Cryptocoryne is a genus of aquatic plants from the family Araceae. The genus is naturally distributed in tropical regions of India, Southeast Asia and New Guinea.

The typical habitats of Cryptocoryne are mostly streams and rivers with not too rapidly flowing water, in the lowland forest. They also live in seasonally inundated forest pools or on river banks submerged only at high water. Although the proper scientific name of the genus is Cryptocoryne, they are commonly referred to as crypts. The English name "water trumpet" refers to their inflorescence, a spadix enclosed by a spathe (typical for the whole family), which resembles a trumpet.

The first Cryptocoryne species was described in 1779 as Arum spirale by Retzius. The genus was described by Friedrich Ernst Ludwig von Fischer in 1828. However, the scientific classification of Cryptocoryne species is very complicated and there are different opinions about it. Lagenandra is another genus closely related to the genus Cryptocoryne. The two can be easily told apart since the leaves of Cryptocoryne species exhibit convolute vernation whereas Lagenandra species exhibit involute vernation.

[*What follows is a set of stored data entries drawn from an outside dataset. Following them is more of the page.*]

lemma square_edges_in_partner_As:
  assumes ab: "a \<in> Y1" "b \<in> Y1" "E a b"
    and u: "u1 \<in> A a" "u2 \<in> A a" "E u1 u2" and v: "v1 \<in> A b" "v2 \<in> A b" "E v1 v2"
    and "E u1 v1" "E u2 v2"
  obtains c d where "c \<in> Y1" "d \<in> Y1" "E c d" "{u1, v1} \<subseteq> A c" "{u2, v2} \<subseteq> A d"
proof -
  note edge_iff = doubleton_in_induced_edges_iff[of E, OF edge_sym]
  have "{u1, v1} \<in> induced_edges E Y2" using edge_iff u v \<open>E u1 v1\<close> by blast
  then obtain c where c: "c \<in> Y1" "{u1, v1} \<subseteq> A c" using Y2_edge_in_A by blast
  obtain d where d: "d \<in> Y1" "E c d" using unique_partner_in_Y1[OF c(1)] by blast
  have "u2 \<notin> A c"
  proof
    assume "u2 \<in> A c"
    then have "{u1, u2} \<subseteq> A c" "{u1, u2} \<subseteq> A a" using c(2) u(1,2) by blast+
    moreover have "{u1, u2} \<in> induced_edges E Y2" using edge_iff u by blast
    ultimately have "c = a" by (intro A_containing_Y2_edge_eq)
    then show False using c(2) v(1) A_disjoint[OF ab] by blast
  qed
  moreover have "v2 \<notin> A c"
  proof
    assume "v2 \<in> A c"
    then have "{v1, v2} \<subseteq> A c" "{v1, v2} \<subseteq> A b" using c(2) v(1,2) by blast+
    moreover have "{v1, v2} \<in> induced_edges E Y2" using edge_iff v by blast
    ultimately have "c = b" by (intro A_containing_Y2_edge_eq)
    then show False using c(2) u(1) A_disjoint[OF ab] by blast
  qed
  moreover have "u2 \<in> Y2" "v2 \<in> Y2" using u(2) v(2) by blast+
  ultimately have "{u2, v2} \<subseteq> A d" using A_union[OF c(1) d] by blast
  then show thesis using that[OF c(1) d c(2)] by blast
qed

The name Cryptocoryne is derived from the Greek crypto, hidden, and koryne, meaning club. The common name (water trumpet) refers to the shape of its inflorescence, which is typical of the Araceae family.

Cultivation and uses 

Some Cryptocoryne are popular commercially cultivated aquarium plants. Submerged plants reproduce vegetatively, emerse plants may flower and reproduce sexually. Many species are cultivated only by dedicated experts and are very hard to grow, or are not present in a culture at all. Some species are endangered because their natural habitats are disappearing. On the other hand, some water trumpets (e.g. Cryptocoryne beckettii) are very hardy aquarium plants, easy to grow to the point that they have become an invasive species after being introduced in Florida in North America. 

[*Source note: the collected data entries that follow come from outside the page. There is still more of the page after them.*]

(* Let $F_1,\dots,F_l\in\mathfrak{M}_n^{+}$ satisfy $\sum_{j=1}^l F_j=I_n$, let $R\in\mathfrak{M}_n^{+}$ and $N\in\mathbb{N}$. Then \[ \sum_{k_1,\dots,k_N}\big\|F_{k_1}e^{R/N}F_{k_2}e^{R/N}\cdots F_{k_N}e^{R/N}\big\|\le n\,\|e^{R}\|, \] where the sum is over all $(k_1,\dots,k_N)\in\{1,\dots,l\}^N$.
   Context: $\mathfrak{M}_n^{+}$ is the set of $n\times n$ matrices all of whose entries are non-negative real numbers; $I_n$ is the identity matrix; $\|\cdot\|$ is the operator norm. *)

theory Defs
  imports "HOL-Analysis.Analysis"
begin

text \<open>n x n real matrices are rendered as real^'n^'n (n = CARD('n)).\<close>

definition nonneg_mat :: "real^'n^'n \<Rightarrow> bool" where
  "nonneg_mat A \<longleftrightarrow> (\<forall>i j. A $ i $ j \<ge> 0)"

definition mat_pow :: "real^'n^'n \<Rightarrow> nat \<Rightarrow> real^'n^'n" where
  "mat_pow A k = (((**) A) ^^ k) (mat 1)"

definition mat_exp :: "real^'n^'n \<Rightarrow> real^'n^'n" where
  "mat_exp A = (\<Sum>k. (1 / fact k) *\<^sub>R mat_pow A k)"

definition op_norm :: "real^'n^'n \<Rightarrow> real" where
  "op_norm A = onorm (\<lambda>x. A *v x)"

definition mat_prod_list :: "(real^'n^'n) list \<Rightarrow> real^'n^'n" where
  "mat_prod_list As = foldr (**) As (mat 1)"

end

theory Submission
  imports Defs
begin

Cryptocoryne is either found in peat bogs or on limestone; the latter do well in most aquaria, the former must have soft water to survive and need decomposing beech leaf litter to do well. C. striolata, while found primarily in peat bogs, has also been found growing on limestone. Borneo is home to many endemic crypts previously thought to grow only in tea-colored soft acid water emulating peat bogs but exploration of habitats from 2005 to 2010 showed about half grew on limestone as well. These hardwater Cryptocorynes are generally the easier ones to keep (in fact, some species, such as Cryptocoryne wendtii are said to be among the most versatile of aquarium plants); they tolerate low or bright light but grow faster in more intense light. This water plant's range is around 12 to 33 °C, and slightly alkaline to neutral pH.

Plants of the genus Cryptocoryne, which range from India to New Guinea are found in very diverse conditions. Some are true acid loving plants such as C. pallidnerva, found in peat bogs in Borneo, while others such as C. crispatula var. balansae and C. pontiderifolia are found in streams with limestone beds—hard alkaline water. One species, C. ciliata is even found in semi-brackish water in some areas. It is one of the few aquarium plants that tolerates salt concentrations.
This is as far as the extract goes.